This is the code I have tried.
Random random = new Random();
int test = random.Next(0, 1);
Console.WriteLine(test);
Console.ReadKey();
According to the documentation, Next returns an integer random number between the (inclusive) minimum and the (exclusive) maximum:
Return Value
A 32-bit signed integer greater than or equal to minValue and less than maxValue; that is, the range of return values includes minValue but not maxValue. If minValue equals maxValue, minValue is returned.
The only integer number which fulfills
0 <= x < 1
is 0, hence you always get the value 0. In other words, 0 is the only integer that is within the half-closed interval [0, 1).

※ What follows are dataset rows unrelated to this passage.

(* Let $m\ge 2$ be the number of registers of a HyperLogLog sketch into which $n$ distinct elements have been inserted, and suppose $n>4m\log_2 m$. Let $B=\log_2\frac{n}{m}$ and $\Delta=2+\log_2\log_2 m$. Then with probability at least $1-\exp\!\left(-\frac{m}{6\log_2 m}\right)$, at least $m-\frac{m}{\log_2 m}$ of the register values $M[j]$ lie in $(B-\Delta,B+\Delta)$, and hence can be represented as offsets from the base value $B$ using at most $\lceil\log_2(2+\log_2\log_2 m)\rceil+1=\log\log\log m+O(1)$ bits each.
   Context: HyperLogLog model: each of $n$ distinct elements $y_i$ is assigned a register index $f(y_i)$ uniform in $[m]=\{1,\dots,m\}$ and a value $\rho_i$ with $\Pr[\rho_i=k]=2^{-k}$, $k=1,2,\dots$ (the position of the first one-bit of a uniformly random hash value), all independent; register $M[j]$ is the maximum of $\rho_i$ over elements with $f(y_i)=j$ (0 if none), so $\Pr[M[j]\le k]=(1-\frac{1}{m2^k})^n$ for integers $k\ge0$. Convention: register values are treated as real-valued continuous random variables whose individual distribution function is $\Pr[M[j]\le t]=\Pr[M[j]<t]=(1-\frac{1}{m2^t})^n$ for real $t$. All logarithms are base 2. *)

theory Defs
  imports "HOL-Probability.Probability"
begin

text \<open>Registers are indexed by 0..<m (instead of 1..m),
  elements by 0..<n. Each element independently gets a pair (f, rho) where
  f is uniform on {0..<m} and Pr[rho = k] = 2^(-k) for k = 1,2,...\<close>

definition rho_pmf :: "nat pmf" where
  "rho_pmf = map_pmf Suc (geometric_pmf (1/2))"

definition hll_elem_pmf :: "nat \<Rightarrow> (nat \<times> nat) pmf" where
  "hll_elem_pmf m = pair_pmf (pmf_of_set {..<m}) rho_pmf"

definition hll_pmf :: "nat \<Rightarrow> nat \<Rightarrow> (nat \<Rightarrow> nat \<times> nat) pmf" where
  "hll_pmf m n = Pi_pmf {..<n} (0, 0) (\<lambda>_. hll_elem_pmf m)"

definition hll_reg :: "nat \<Rightarrow> (nat \<Rightarrow> nat \<times> nat) \<Rightarrow> nat \<Rightarrow> nat" where
  "hll_reg n \<omega> j = Max ({snd (\<omega> i) | i. i < n \<and> fst (\<omega> i) = j} \<union> {0})"

end

theory Submission
  imports Defs "HOL-Analysis.Harmonic_Numbers"
begin

(*
  Let c = B + \<Delta> and d = B - \<Delta>. A register outside (d, c) either has value at least c,
  and then holds an element with rho >= c, or has value at most d. So the number of such
  registers is at most H + L, where H counts the elements with rho >= c and L the registers
  with value <= d. Now 2^(H + L) is at most the sum, over all sets S of registers, of the
  products over all elements of w_S = 2^[rho >= c] * [not (the element hashes into S and
  rho > d)]. By independence each product has expectation (E w_S)^n, and summing over S gives
  E 2^(H + L) <= exp (n 2^(1 - c)) (1 + exp (- n 2^(-d) / m))^m. Markov's inequality at level
  m / log m bounds the failure probability by
  exp (m / (2 log m) + m exp (- 4 log m) - (m / log m) ln 2) <= exp (- m / (6 log m)).
  The bound on the number of offsets counts the integers in an open interval of length 2 \<Delta>.
*)

lemma prob_geometric_pmf_ge:
  assumes "0 < p" "p \<le> 1"
  shows "measure_pmf.prob (geometric_pmf p) {k. j \<le> k} = (1 - p) ^ j"
proof -
  have partial_sum: "(\<Sum>k<j. (1 - p) ^ k * p) = 1 - (1 - p) ^ j"
    by (induction j) (auto simp: algebra_simps)
  have "{k. j \<le> k} = UNIV - {..<j}" by auto
  then have "measure_pmf.prob (geometric_pmf p) {k. j \<le> k}
      = 1 - measure_pmf.prob (geometric_pmf p) {..<j}"
    using measure_pmf.prob_compl[of "{..<j}" "geometric_pmf p"] by simp
  also have "\<dots> = (1 - p) ^ j"
    using assms by (simp add: measure_measure_pmf_finite partial_sum)
  finally show ?thesis .
qed

lemma prob_rho_pmf_ge_Suc: "measure_pmf.prob rho_pmf {r. Suc j \<le> r} = (1/2 :: real) ^ j"
proof -
  have "Suc -` {r. Suc j \<le> r} = {k. j \<le> k}" by auto
  then show ?thesis
    unfolding rho_pmf_def by (simp add: prob_geometric_pmf_ge)
qed

lemma prob_rho_pmf_ge_le:
  assumes "c > 0"
  shows "measure_pmf.prob rho_pmf {r. c \<le> real r} \<le> 2 powr (1 - c)"
proof -
  define K where "K = nat (\<lceil>c\<rceil> - 1)"
  have K: "real K = of_int \<lceil>c\<rceil> - 1"
    using assms unfolding K_def by (simp add: one_le_ceiling)
  have "c \<le> real r \<longleftrightarrow> Suc K \<le> r" for r
    using ceiling_le_iff[of c "int r"] assms unfolding K_def by linarith
  then have "{r. c \<le> real r} = {r. Suc K \<le> r}" by auto
  then have "measure_pmf.prob rho_pmf {r. c \<le> real r} = 2 powr (- real K)"
    by (simp add: prob_rho_pmf_ge_Suc powr_minus powr_realpow power_divide inverse_eq_divide)
  also have "\<dots> \<le> 2 powr (1 - c)"
    using K le_of_int_ceiling[of c] by (intro powr_mono) auto
  finally show ?thesis .
qed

So, if you are actually interested in the integer values 0 or 1, then use 2 as upper bound:
var n = random.Next(0, 2);
If instead you want to get a decimal between 0 and 1, try:
var n = random.NextDouble();
You could, but you should do it this way:
double test = random.NextDouble();
If you wanted to get random integer ( 0 or 1), you should set upper bound to 2, because it is exclusive
int test = random.Next(0, 2);
Every single answer on this page regarding doubles is wrong, which is sort of hilarious because everyone is quoting the documentation. If you generate a double using NextDouble(), you will not get a number between 0 and 1 inclusive of 1, you will get a number from 0 to 1 exclusive of 1.

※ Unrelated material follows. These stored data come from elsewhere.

(* Assume the setting below, let $\nu\in(0,1)$, $\mu>0$, let $\theta^*\in\Theta$ be fixed (non-random), and let $s>0$ satisfy $$s<\frac{2\mu n}{C_b\,\nu\,(\nu C_b+4\mu b)} .$$ Then for every $\Theta$-valued random vector $\hat\theta$ that is a measurable function of the data $\mathcal D$, $$\mathbb E\exp\Big[s\Big(\nu(P-P_n)\Big(\sum_{j=1}^M(\hat\theta_j-\theta^*_j)\ell_{e_j}\Big)-\mu\,\hat\theta^\top\mathbf H\theta^*\Big)-K(\hat\theta)\Big]\le1 .$$
   Context: Setting: $(X,Y)$ random pair in $\mathcal X\times\mathbb R$ with $|Y|\le b$ a.s. ($b>0$); data $\mathcal D=\{(X_i,Y_i)\}_{i=1}^n$ i.i.d. copies of $(X,Y)$; $f_1,\dots,f_M$ deterministic measurable functions with $\max_j|f_j(X)|\le b$ a.s.; $\Theta=\{\theta\in\mathbb R^M:\theta_j\ge0,\ \sum_j\theta_j=1\}$, $e_j$ canonical basis of $\mathbb R^M$; $\|f\|_2=\sqrt{\mathbb E f(X)^2}$; $\mathbf H$ is the $M\times M$ matrix with $\mathbf H_{jk}=\|f_j-f_k\|_2^2$; prior $\pi$ with $\pi_j>0$, $\sum_j\pi_j=1$, and $K(\theta)=\sum_j\theta_j\log(1/\pi_j)$. The loss satisfies: for all $f,g\in[-b,b]$, $|\ell(Y,f)-\ell(Y,g)|\le C_b|f-g|$ a.s. Notation: $\ell_{e_j}(y,x)=\ell(y,f_j(x))$; for $g(y,x)$ (possibly data-dependent), $Pg=\mathbb E[g(Y,X)\mid\mathcal D]$ with $(X,Y)$ independent of $\mathcal D$, and $P_ng=\frac1n\sum_ig(Y_i,X_i)$. *)

theory Defs
  imports "HOL-Probability.Probability"
begin

definition simplexM :: "nat \<Rightarrow> (nat \<Rightarrow> real) set" where
  "simplexM M = {\<theta>. (\<forall>j<M. 0 \<le> \<theta> j) \<and> (\<Sum>j<M. \<theta> j) = 1}"

definition Kdiv :: "nat \<Rightarrow> (nat \<Rightarrow> real) \<Rightarrow> (nat \<Rightarrow> real) \<Rightarrow> real" where
  "Kdiv M \<pi> \<theta> = (\<Sum>j<M. \<theta> j * ln (1 / \<pi> j))"

text \<open>H_jk = squared L2 distance of f_j and f_k under the law of X (D is the law of (X,Y)).\<close>
definition Hmat :: "('x \<times> real) measure \<Rightarrow> (nat \<Rightarrow> 'x \<Rightarrow> real) \<Rightarrow> nat \<Rightarrow> nat \<Rightarrow> real" where
  "Hmat D f j k = (\<integral>z. (f j (fst z) - f k (fst z))\<^sup>2 \<partial>D)"

end

theory Submission
  imports Defs
begin

text \<open>
  With \<open>G\<^sub>j = \<ell>\<^sub>e\<^sub>j - \<Sum>\<^sub>k \<theta>*\<^sub>k \<ell>\<^sub>e\<^sub>k\<close> and \<open>\<Sum>\<^sub>j \<theta>\<^sub>j = 1\<close>, the loss difference is \<open>\<Sum>\<^sub>j \<theta>\<^sub>j G\<^sub>j\<close>, so the exponent is
  a \<open>\<theta>\<close>-convex combination of the expert exponents
  \<open>a\<^sub>j = ln \<pi>\<^sub>j - s\<mu>(H\<theta>*)\<^sub>j + (s\<nu>/n) \<Sum>\<^sub>i (PG\<^sub>j - G\<^sub>j(Z\<^sub>i))\<close>, and by convexity of \<open>exp\<close>
  the integrand is dominated by \<open>\<Sum>\<^sub>j exp a\<^sub>j\<close>, which no longer depends on \<open>\<theta>\<close>.
  The Lipschitz property gives \<open>|G\<^sub>j| \<le> 2bC\<^sub>b\<close> and \<open>PG\<^sub>j\<^sup>2 \<le> C\<^sub>b\<^sup>2 (H\<theta>*)\<^sub>j\<close>, so Bernstein's bound on the
  moment generating function of the i.i.d. sum yields \<open>E exp a\<^sub>j \<le> \<pi>\<^sub>j\<close> exactly under the condition
  on \<open>s\<close>; summing over \<open>j\<close> gives \<open>\<Sum>\<^sub>j \<pi>\<^sub>j = 1\<close>.
\<close>

lemma exp_le_inverse_one_minus:
  fixes x :: real
  assumes "x < 1"
  shows "exp x \<le> 1 / (1 - x)"
proof -
  have "1 - x \<le> exp (- x)"
    using exp_ge_add_one_self[of "- x"] by simp
  then have "(1 - x) * exp x \<le> 1"
    using mult_right_mono[of "1 - x" "exp (- x)" "exp x"] by (simp add: exp_minus field_simps)
  then show ?thesis
    using assms by (simp add: field_simps)
qed

lemma exp_le_one_plus_quadratic:
  fixes y :: real
  assumes "\<bar>y\<bar> < 1"
  shows "exp y \<le> 1 + y + y\<^sup>2 / (2 * (1 - \<bar>y\<bar>))"
proof -
  obtain t where t: "\<bar>t\<bar> \<le> \<bar>y\<bar>"
    and taylor: "exp y = (\<Sum>m<2. y ^ m / fact m) + exp t / fact 2 * y\<^sup>2"
    using Maclaurin_exp_le[of y 2] by blast
  have "exp t \<le> 1 / (1 - \<bar>y\<bar>)"
    using t exp_le_inverse_one_minus[OF assms] by (meson abs_ge_self exp_le_cancel_iff order_trans)
  then have "exp t / 2 * y\<^sup>2 \<le> 1 / (1 - \<bar>y\<bar>) / 2 * y\<^sup>2"
    by (intro mult_right_mono divide_right_mono) auto
  also have "\<dots> = y\<^sup>2 / (2 * (1 - \<bar>y\<bar>))"
    by simp
  finally show ?thesis
    using taylor by (simp add: numeral_2_eq_2)
qed

lemma power2_weighted_mean_le:
  fixes w d :: "'a \<Rightarrow> real"
  assumes "finite A" and "\<And>k. k \<in> A \<Longrightarrow> 0 \<le> w k" and "sum w A = 1"
  shows "(\<Sum>k\<in>A. w k * d k)\<^sup>2 \<le> (\<Sum>k\<in>A. w k * (d k)\<^sup>2)"
proof -
  define m where "m = (\<Sum>k\<in>A. w k * d k)"
  have "0 \<le> (\<Sum>k\<in>A. w k * (d k - m)\<^sup>2)"
    using assms by (intro sum_nonneg) auto
  also have "\<dots> = (\<Sum>k\<in>A. w k * (d k)\<^sup>2) - 2 * m * (\<Sum>k\<in>A. w k * d k) + m\<^sup>2 * sum w A"
    by (simp add: power2_diff algebra_simps sum.distrib sum_subtractf sum_distrib_left sum_distrib_right)
  finally show ?thesis
    using assms(3) unfolding m_def by (simp add: power2_eq_square)
qed

lemma exp_simplex_combination_le:
  assumes "\<theta> \<in> simplexM M"
  shows "exp (\<Sum>j<M. \<theta> j * a j) \<le> (\<Sum>j<M. exp (a j))"
proof -
  have \<theta>_nonneg: "\<And>j. j < M \<Longrightarrow> 0 \<le> \<theta> j" and \<theta>_sum: "(\<Sum>j<M. \<theta> j) = 1"
    using assms by (auto simp: simplexM_def)
  have \<theta>_le_1: "\<theta> j \<le> 1" if "j < M" for j
    using member_le_sum[of j "{..<M}" \<theta>] \<theta>_nonneg \<theta>_sum that by auto
  have "{..<M} \<noteq> {}"
    using \<theta>_sum by auto
  then have "exp (\<Sum>j<M. \<theta> j *\<^sub>R a j) \<le> (\<Sum>j<M. \<theta> j * exp (a j))"
    using \<theta>_sum \<theta>_nonneg by (intro convex_on_sum[OF _ _ exp_convex]) auto
  then have "exp (\<Sum>j<M. \<theta> j * a j) \<le> (\<Sum>j<M. \<theta> j * exp (a j))"
    by simp
  also have "\<dots> \<le> (\<Sum>j<M. exp (a j))"
    using \<theta>_le_1 by (intro sum_mono) (simp add: mult_left_le_one_le)
  finally show ?thesis .
qed

lemma step_size_conditions:
  fixes n :: nat and b Cb \<nu> \<mu> s :: real
  assumes "0 < b" "0 < Cb" "0 < \<nu>" "0 < \<mu>" "0 < s"
    and s_bound: "s < 2 * \<mu> * real n / (Cb * \<nu> * (\<nu> * Cb + 4 * \<mu> * b))"
  defines "l \<equiv> s * \<nu> / real n"
  shows "0 < n" and "l * (2 * b * Cb) < 1"
    and "real n * l\<^sup>2 * Cb\<^sup>2 / (2 * (1 - l * (2 * b * Cb))) \<le> s * \<mu>"
proof -
  have "0 < Cb * \<nu> * (\<nu> * Cb + 4 * \<mu> * b)"
    using assms by (intro mult_pos_pos add_pos_pos) auto
  then have key: "s * \<nu>\<^sup>2 * Cb\<^sup>2 + 4 * s * \<nu> * b * Cb * \<mu> < 2 * \<mu> * real n"
    using s_bound by (simp add: pos_less_divide_eq algebra_simps power2_eq_square)
  show n_pos: "0 < n"
    using key assms by (cases n) (auto intro: add_pos_pos)
  have "0 \<le> s * \<nu>\<^sup>2 * Cb\<^sup>2"
    using assms by simp
  then have "s * \<nu> * 2 * b * Cb * (2 * \<mu>) < real n * (2 * \<mu>)"
    using key by (simp add: algebra_simps)
  then show lc: "l * (2 * b * Cb) < 1"
    unfolding l_def using n_pos assms by (simp add: field_simps)
  have "real n * l\<^sup>2 * Cb\<^sup>2 = s / real n * (s * \<nu>\<^sup>2 * Cb\<^sup>2)"
    unfolding l_def using n_pos by (simp add: field_simps power2_eq_square)
  also have "\<dots> \<le> s / real n * (2 * \<mu> * real n - 4 * s * \<nu> * b * Cb * \<mu>)"
    using key assms by (intro mult_left_mono) auto
  also have "\<dots> = s * \<mu> * (2 * (1 - l * (2 * b * Cb)))"
    unfolding l_def using n_pos by (simp add: field_simps)
  finally show "real n * l\<^sup>2 * Cb\<^sup>2 / (2 * (1 - l * (2 * b * Cb))) \<le> s * \<mu>"
    using lc by (subst pos_divide_le_eq) (auto simp: mult_ac)
qed

context prob_space
begin

lemma integrable_exp_centred:
  fixes g :: "'a \<Rightarrow> real"
  assumes "g \<in> borel_measurable M" and "AE z in M. \<bar>g z\<bar> \<le> c"
  shows "integrable M (\<lambda>z. exp (l * (expectation g - g z)))"
proof (rule integrable_const_bound[where B = "exp (\<bar>l\<bar> * (\<bar>expectation g\<bar> + c))"])
  show "AE z in M. norm (exp (l * (expectation g - g z))) \<le> exp (\<bar>l\<bar> * (\<bar>expectation g\<bar> + c))"
    using assms(2)
  proof eventually_elim
    case (elim z)
    have "l * (expectation g - g z) \<le> \<bar>l\<bar> * \<bar>expectation g - g z\<bar>"
      by (metis abs_ge_self abs_mult)
    also have "\<dots> \<le> \<bar>l\<bar> * (\<bar>expectation g\<bar> + c)"
      using elim by (intro mult_left_mono) auto
    finally show ?case
      by simp
  qed
qed (use assms(1) in simp)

To get a double, you would have to do some trickery like this:
public double NextRandomRange(double minimum, double maximum)
{
Random rand = new Random();
return rand.NextDouble() * (maximum - minimum) + minimum;
}
and then call
NextRandomRange(0,1 + Double.Epsilon);
Seems like that would work, doesn't it? 1 + Double.Epsilon should be the next biggest number after 1 when working with doubles, right? This is how you would solve the problem with ints.
Wellllllllllllllll.........
I suspect that this will not work correctly, since the underlying code will be generating a few bytes of randomness, and then doing some math tricks to fit it in the expected range. The short answer is that Logic that applies to ints doesn't quite work the same when working with floats.

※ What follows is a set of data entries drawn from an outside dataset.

(* Let $(\mathcal B,T,\langle\!\langle-\rangle\!\rangle,\theta)$ be a bicategory with shadow. Let $\mathcal D$ be a diagram in the shadow category $\mathrm{Sh}(U\mathcal B)$ of the free shadowed bicategory on the underlying graph of $\mathcal B$, such that any two parallel composites in $\mathcal D$ have the same underlying cyclic permutation. Then the image of $\mathcal D$ in $T$ under the counit commutes. In particular, if the edges $X_1,\dots,X_n$ involved form an aperiodic list, every formal diagram in $T$ on them commutes.
   Context: A shadow on a bicategory $\mathcal B$ consists of a category $T$, functors $\langle\!\langle-\rangle\!\rangle:\mathcal B(A,A)\to T$ for each 0-cell $A$, and natural isomorphisms $\theta:\langle\!\langle M\odot N\rangle\!\rangle\cong\langle\!\langle N\odot M\rangle\!\rangle$ for $M\in\mathcal B(A,B)$, $N\in\mathcal B(B,A)$, such that $\theta\circ\theta=\mathrm{id}$, $\ell\circ\theta=r$ as maps $\langle\!\langle X\odot I\rangle\!\rangle\to\langle\!\langle X\rangle\!\rangle$, and $\theta\circ\alpha\circ\theta=\alpha\circ\theta\circ\alpha$ as maps $\langle\!\langle (X\odot Y)\odot Z\rangle\!\rangle\to\langle\!\langle Y\odot(Z\odot X)\rangle\!\rangle$ (i.e. $\langle\!\langle (X\odot Y)\odot Z\rangle\!\rangle\xrightarrow{\theta}\langle\!\langle Z\odot(X\odot Y)\rangle\!\rangle\xrightarrow{\alpha}\langle\!\langle (Z\odot X)\odot Y\rangle\!\rangle\xrightarrow{\theta}\langle\!\langle Y\odot(Z\odot X)\rangle\!\rangle$ equals $\langle\!\langle (X\odot Y)\odot Z\rangle\!\rangle\xrightarrow{\alpha}\langle\!\langle X\odot(Y\odot Z)\rangle\!\rangle\xrightarrow{\theta}\langle\!\langle (Y\odot Z)\odot X\rangle\!\rangle\xrightarrow{\alpha}\langle\!\langle Y\odot(Z\odot X)\rangle\!\rangle$). Strict maps of shadowed bicategories are strict functors with a functor of shadow categories strictly commuting with all structure. The forgetful functor to directed graphs takes the underlying graph $U\mathcal B$ (0-cells and 1-cells). Its left adjoint sends a graph $G$ to $(\mathcal F(G),\mathrm{Sh}(G))$, where $\mathcal F(G)$ is the free bicategory on $G$ (1-cells: parenthesized composable words in edges and formal units; 2-cells: generated by whiskered associators/unitors modulo the bicategory axioms), and $\mathrm{Sh}(G)$ has objects $\langle\!\langle w\rangle\!\rangle$ for $w$ an endomorphism 1-cell of $\mathcal F(G)$, morphisms generated by whiskered associators/unitors inside $w$ and rotators $\theta:\langle\!\langle A\odot B\rangle\!\rangle\cong\langle\!\langle B\odot A\rangle\!\rangle$ applied to the outermost product, modulo the bicategory relations, the shadow axioms and naturality of $\theta$. A morphism of $\mathrm{Sh}(G)$ induces a bijection between the edge occurrences (letters) of source and target, which is a cyclic permutation ($\theta$ rotates; other generators preserve order); this is its underlying cyclic permutation. A formal diagram in $T$ is the image of a diagram in $\mathrm{Sh}(U\mathcal B)$ under the counit. A list $X_1,\dots,X_n$ of edges is aperiodic if no nontrivial cyclic rotation of the list returns the same list. *)

theory Defs
  imports Main
begin

text \<open>0-cells of type 'o, 1-cells of type 'a, 2-cells of type 'b.
  A 1-cell M lies in B(s1 M, t1 M).  hc M N = M \<odot> N is defined when t1 M = s1 N.
  A 2-cell f goes from d2 f to c2 f; vc g f is g after f; hc2 is horizontal composition.
  asc M N P : (M \<odot> N) \<odot> P \<Rightarrow> M \<odot> (N \<odot> P); lu M : I \<odot> M \<Rightarrow> M; ru M : M \<odot> I \<Rightarrow> M.\<close>

record ('o,'a,'b) bicat =
  s1 :: "'a \<Rightarrow> 'o"
  t1 :: "'a \<Rightarrow> 'o"
  d2 :: "'b \<Rightarrow> 'a"
  c2 :: "'b \<Rightarrow> 'a"
  vc :: "'b \<Rightarrow> 'b \<Rightarrow> 'b"
  i2 :: "'a \<Rightarrow> 'b"
  hc :: "'a \<Rightarrow> 'a \<Rightarrow> 'a"
  hc2 :: "'b \<Rightarrow> 'b \<Rightarrow> 'b"
  un :: "'o \<Rightarrow> 'a"
  asc :: "'a \<Rightarrow> 'a \<Rightarrow> 'a \<Rightarrow> 'b"
  lu :: "'a \<Rightarrow> 'b"
  ru :: "'a \<Rightarrow> 'b"

definition is_inverse2 :: "('o,'a,'b) bicat \<Rightarrow> 'b \<Rightarrow> 'b \<Rightarrow> bool" where
  "is_inverse2 B f g \<longleftrightarrow> d2 B g = c2 B f \<and> c2 B g = d2 B f \<and>
     vc B g f = i2 B (d2 B f) \<and> vc B f g = i2 B (c2 B f)"

definition iso2 :: "('o,'a,'b) bicat \<Rightarrow> 'b \<Rightarrow> bool" where
  "iso2 B f \<longleftrightarrow> (\<exists>g. is_inverse2 B f g)"

definition inv2 :: "('o,'a,'b) bicat \<Rightarrow> 'b \<Rightarrow> 'b" where
  "inv2 B f = (THE g. is_inverse2 B f g)"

Lets look, shall we? (https://referencesource.microsoft.com/#mscorlib/system/random.cs,e137873446fcef75)
/*=====================================Next=====================================
**Returns: A double [0..1)
**Arguments: None
**Exceptions: None
==============================================================================*/
public virtual double NextDouble() {
return Sample();
}
What the hell is Sample()?
/*====================================Sample====================================
**Action: Return a new random number [0..1) and reSeed the Seed array.
**Returns: A double [0..1)
**Arguments: None
**Exceptions: None
==============================================================================*/
protected virtual double Sample() {
//Including this division at the end gives us significantly improved
//random number distribution.
return (InternalSample()*(1.0/MBIG));
}
Ok, starting to get somewhere. MBIG btw, is Int32.MaxValue(2147483647 or 2^31-1), making the division work out to:
InternalSample()*0.0000000004656612873077392578125;
Ok, what the hell is InternalSample()?
private int InternalSample() {
int retVal;
int locINext = inext;
int locINextp = inextp;
if (++locINext >=56) locINext=1;
if (++locINextp>= 56) locINextp = 1;
retVal = SeedArray[locINext]-SeedArray[locINextp];
if (retVal == MBIG) retVal--;
if (retVal<0) retVal+=MBIG;
SeedArray[locINext]=retVal;
inext = locINext;
inextp = locINextp;
return retVal;
}
Well...that is something. But what is this SeedArray and inext crap all about?
private int inext;
private int inextp;
private int[] SeedArray = new int[56];
So things start to fall together. Seed array is an array of ints that is used for generating values from. If you look at the init function def, you see that there is a whole lot of bit addition and trickery being done to randomize an array of 55 values with initial quasi-random values.
public Random(int Seed) {
int ii;
int mj, mk;
//Initialize our Seed array.
//This algorithm comes from Numerical Recipes in C (2nd Ed.)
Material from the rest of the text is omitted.